Imre Taveter
- Taveter in 2022

Personal information
- Nationality: Estonia
- Born: 21 April 1967 Keila, Estonia
- Died: 25 March 2026 (aged 58)
- Height: 1.81 m (5 ft 11 in)
- Weight: 96 kg (212 lb)

Sailing career
- Sport: Sailing
- Club: Pärnu Yachtclub
- Class: Dinghy

= Imre Taveter =

Estonian sailor (1967–2026)

Imre Taveter (21 April 1967 – 25 March 2026) was an Estonian sailor who specialised in the Finn class. He won nine Estonian Championships titles in the Finn class.

==Biography==
Taveter started sailing in the Optimist class in 1976 at Kalev Yacht Club, in the Pirita district of Tallinn. Taveter won U18 Youth Championships titles of Soviet Union in the Finn class in 1984 and in 1985. He won the European U21 Junior Championships title in the Finn class (Çeşme, Turkey) in 1987. Taveter has won nine Estonian Championships titles in the Finn class (1992, 1994, 1995, 1996, 1997, 1998, 1999, 2000, 2003).
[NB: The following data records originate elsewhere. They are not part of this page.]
lemma V_measurable: "x \<in> V \<Longrightarrow> x \<in> borel_measurable M"
  using normed_ideal_measurable[OF normed_ideal_V] .

lemma V_solid: "x \<in> V \<Longrightarrow> z \<in> borel_measurable M \<Longrightarrow> (\<And>w. \<bar>z w\<bar> \<le> \<bar>x w\<bar>) \<Longrightarrow> z \<in> V"
  using solidD[OF normed_idealD(7)[OF normed_ideal_V]] by blast

lemma E_solid:
  "x \<in> elts E \<Longrightarrow> z \<in> borel_measurable M \<Longrightarrow> (AE w in M. \<bar>z w\<bar> \<le> \<bar>x w\<bar>) \<Longrightarrow>
    z \<in> elts E \<and> nrm E z \<le> nrm E x"
  using solidD[OF normed_idealD(7)[OF normed_ideal_E]] by blast

lemma y_measurable: "y \<in> borel_measurable M"
  using V_measurable[OF y] .

lemma y_indicator_V: "A \<in> sets M \<Longrightarrow> (\<lambda>w. y w * indicator A w) \<in> V"
  using normed_ideal_indicator[OF normed_ideal_V y] .

text \<open>A linear functional below \<open>pos_nrm\<close> is positive and bounded by the norm.\<close>
definition pos_nrm :: "('a \<Rightarrow> real) \<Rightarrow> real" where
  "pos_nrm x = nrm E (\<lambda>w. max (x w) 0)"

lemma pos_part_E:
  assumes x: "x \<in> elts E"
  shows "(\<lambda>w. max (x w) 0) \<in> elts E" "nrm E (\<lambda>w. max (x w) 0) \<le> nrm E x"
proof -
  have "(\<lambda>w. max (x w) 0) \<in> borel_measurable M"
    using normed_ideal_measurable[OF normed_ideal_E x] by measurable
  then show "(\<lambda>w. max (x w) 0) \<in> elts E" "nrm E (\<lambda>w. max (x w) 0) \<le> nrm E x"
    using E_solid[OF x] by auto
qed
He ended his career as a full-time athlete in 1996, but he continued to practice sailing sport as an amateur. In 2022, he was ranked 445 in the world in the Finn Class World Ranking.

Taveter was selected to compete for Estonia in two editions of the Olympic Games (2000 and 2004) and trained for 1999–2004 at Pärnu Yacht Club.
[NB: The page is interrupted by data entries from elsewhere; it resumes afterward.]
lemma map_Phi_Gray_code:
  assumes "1 \<le> n" "distinct L" "set L = CycSeqs n"
    and "\<forall>i. Suc i < length L \<longrightarrow> differ_one n (L ! i) (L ! Suc i)"
  shows "distinct (map (Phi n) L) \<and> set (map (Phi n) L) = ncycles n \<and>
    (\<forall>i. Suc i < length L \<longrightarrow>
       (\<exists>\<sigma>. \<sigma> permutes {1..n} \<and> is_kcycle n 3 \<sigma> \<and> Phi n (L ! Suc i) = \<sigma> \<circ> Phi n (L ! i)))"
proof (intro conjI allI impI)
  have "inj_on (Phi n) (set L)"
    using inj_on_Phi_Seqs CycSeqs_subset_Seqs assms(3) by (metis inj_on_subset)
  then show "distinct (map (Phi n) L)"
    using assms(2) by (simp add: distinct_map)
  show "set (map (Phi n) L) = ncycles n"
    using assms(1,3) Phi_image_CycSeqs by simp
  fix i assume "Suc i < length L"
  then show "\<exists>\<sigma>. \<sigma> permutes {1..n} \<and> is_kcycle n 3 \<sigma> \<and> Phi n (L ! Suc i) = \<sigma> \<circ> Phi n (L ! i)"
    using Phi_differ_one_CycSeqs[of "L ! i" n "L ! Suc i"] assms(3,4) nth_mem by fastforce
qed

theorem mainTheorem5:
  fixes n :: nat
  assumes "n \<ge> 2"
  shows
   "(\<forall>s\<in>Seqs n. \<forall>s'\<in>Seqs n. differ_one n s s' \<longrightarrow>
       (\<exists>\<sigma>. \<sigma> permutes {1..n} \<and> Phi n s' = \<sigma> \<circ> Phi n s \<and>
            (is_kcycle n 2 \<sigma> \<or> is_kcycle n 3 \<sigma>)))
  \<and> (\<forall>s\<in>CycSeqs n. \<forall>s'\<in>CycSeqs n. differ_one n s s' \<longrightarrow>
       (\<exists>\<sigma>. \<sigma> permutes {1..n} \<and> Phi n s' = \<sigma> \<circ> Phi n s \<and> is_kcycle n 3 \<sigma>))
  \<and> (\<forall>L. distinct L \<and> set L = CycSeqs n \<and>
         (\<forall>i. Suc i < length L \<longrightarrow> differ_one n (L ! i) (L ! Suc i)) \<longrightarrow>
       distinct (map (Phi n) L) \<and> set (map (Phi n) L) = ncycles n \<and>
       (\<forall>i. Suc i < length L \<longrightarrow>
          (\<exists>\<sigma>. \<sigma> permutes {1..n} \<and> is_kcycle n 3 \<sigma> \<and>
               Phi n (L ! Suc i) = \<sigma> \<circ> Phi n (L ! i))))"
proof -
  have "1 \<le> n"
    using assms by simp
  then show ?thesis
    using Phi_differ_one_Seqs Phi_differ_one_CycSeqs map_Phi_Gray_code[of n] by blast
qed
He made his Olympic debut, as a 33-year-old yachtsman, at the 2000 Summer Olympics in Sydney, where he finished twenty-second in the Finn class with a grade of 102.
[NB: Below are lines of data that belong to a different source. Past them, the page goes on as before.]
lemma norm_hbar_diff_ge:
  assumes a: "norm a = 1" and b: "norm b = 1"
  shows "K1 / (2 * K2) * norm (a - b) \<le> norm (hbar h a - hbar h b)"
proof -
  obtain S where S: "\<forall>\<^sub>F t in at_right 0. 0 < S t \<and> S t \<le> K2 * t / K1 \<and>
      K1 / (2 * K2) * norm (a - b) \<le> norm (image_dir (S t *\<^sub>R a) - image_dir (t *\<^sub>R b))"
    using matching_ray_points_exist[OF a b] by blast
  have "((\<lambda>t. K2 * t / K1) \<longlongrightarrow> K2 * 0 / K1) (at_right 0)"
    using K_pos by (intro tendsto_intros) simp
  then have "filterlim S (at_right 0) (at_right 0)"
    using S by (intro filterlim_at_right_0_if_squeezed[where g = "\<lambda>t. K2 * t / K1"])
      (simp_all add: eventually_mono)
  then have "((\<lambda>t. image_dir (S t *\<^sub>R a)) \<longlongrightarrow> hbar h a) (at_right 0)"
    by (rule filterlim_compose[OF image_dir_ray_tendsto_hbar(1)[OF a]])
  then have "((\<lambda>t. norm (image_dir (S t *\<^sub>R a) - image_dir (t *\<^sub>R b))) \<longlongrightarrow> norm (hbar h a - hbar h b))
      (at_right 0)"
    by (intro tendsto_norm tendsto_diff image_dir_ray_tendsto_hbar(1)[OF b])
  moreover have "\<forall>\<^sub>F t in at_right 0.
      K1 / (2 * K2) * norm (a - b) \<le> norm (image_dir (S t *\<^sub>R a) - image_dir (t *\<^sub>R b))"
    using S by (rule eventually_mono) blast
  ultimately show ?thesis
    by (rule tendsto_lowerbound) simp
qed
In 2001, he started as a co-founder and CEO of a company Frontier Hockey OÜ producing sports equipment for ice hockey players.

At the 2004 Summer Olympics in Athens, Taveter had been offered an invitational place from the International Sailing Federation to compete on his second Estonian team in the men's Finn class. Taveter recorded a net grade of 221 to round out the fleet of twenty-five sailors in last place, trailing Italy's Michele Marchesini in the overall standings by a twenty-point margin.

Taveter died on 25 March 2026, at the age of 58.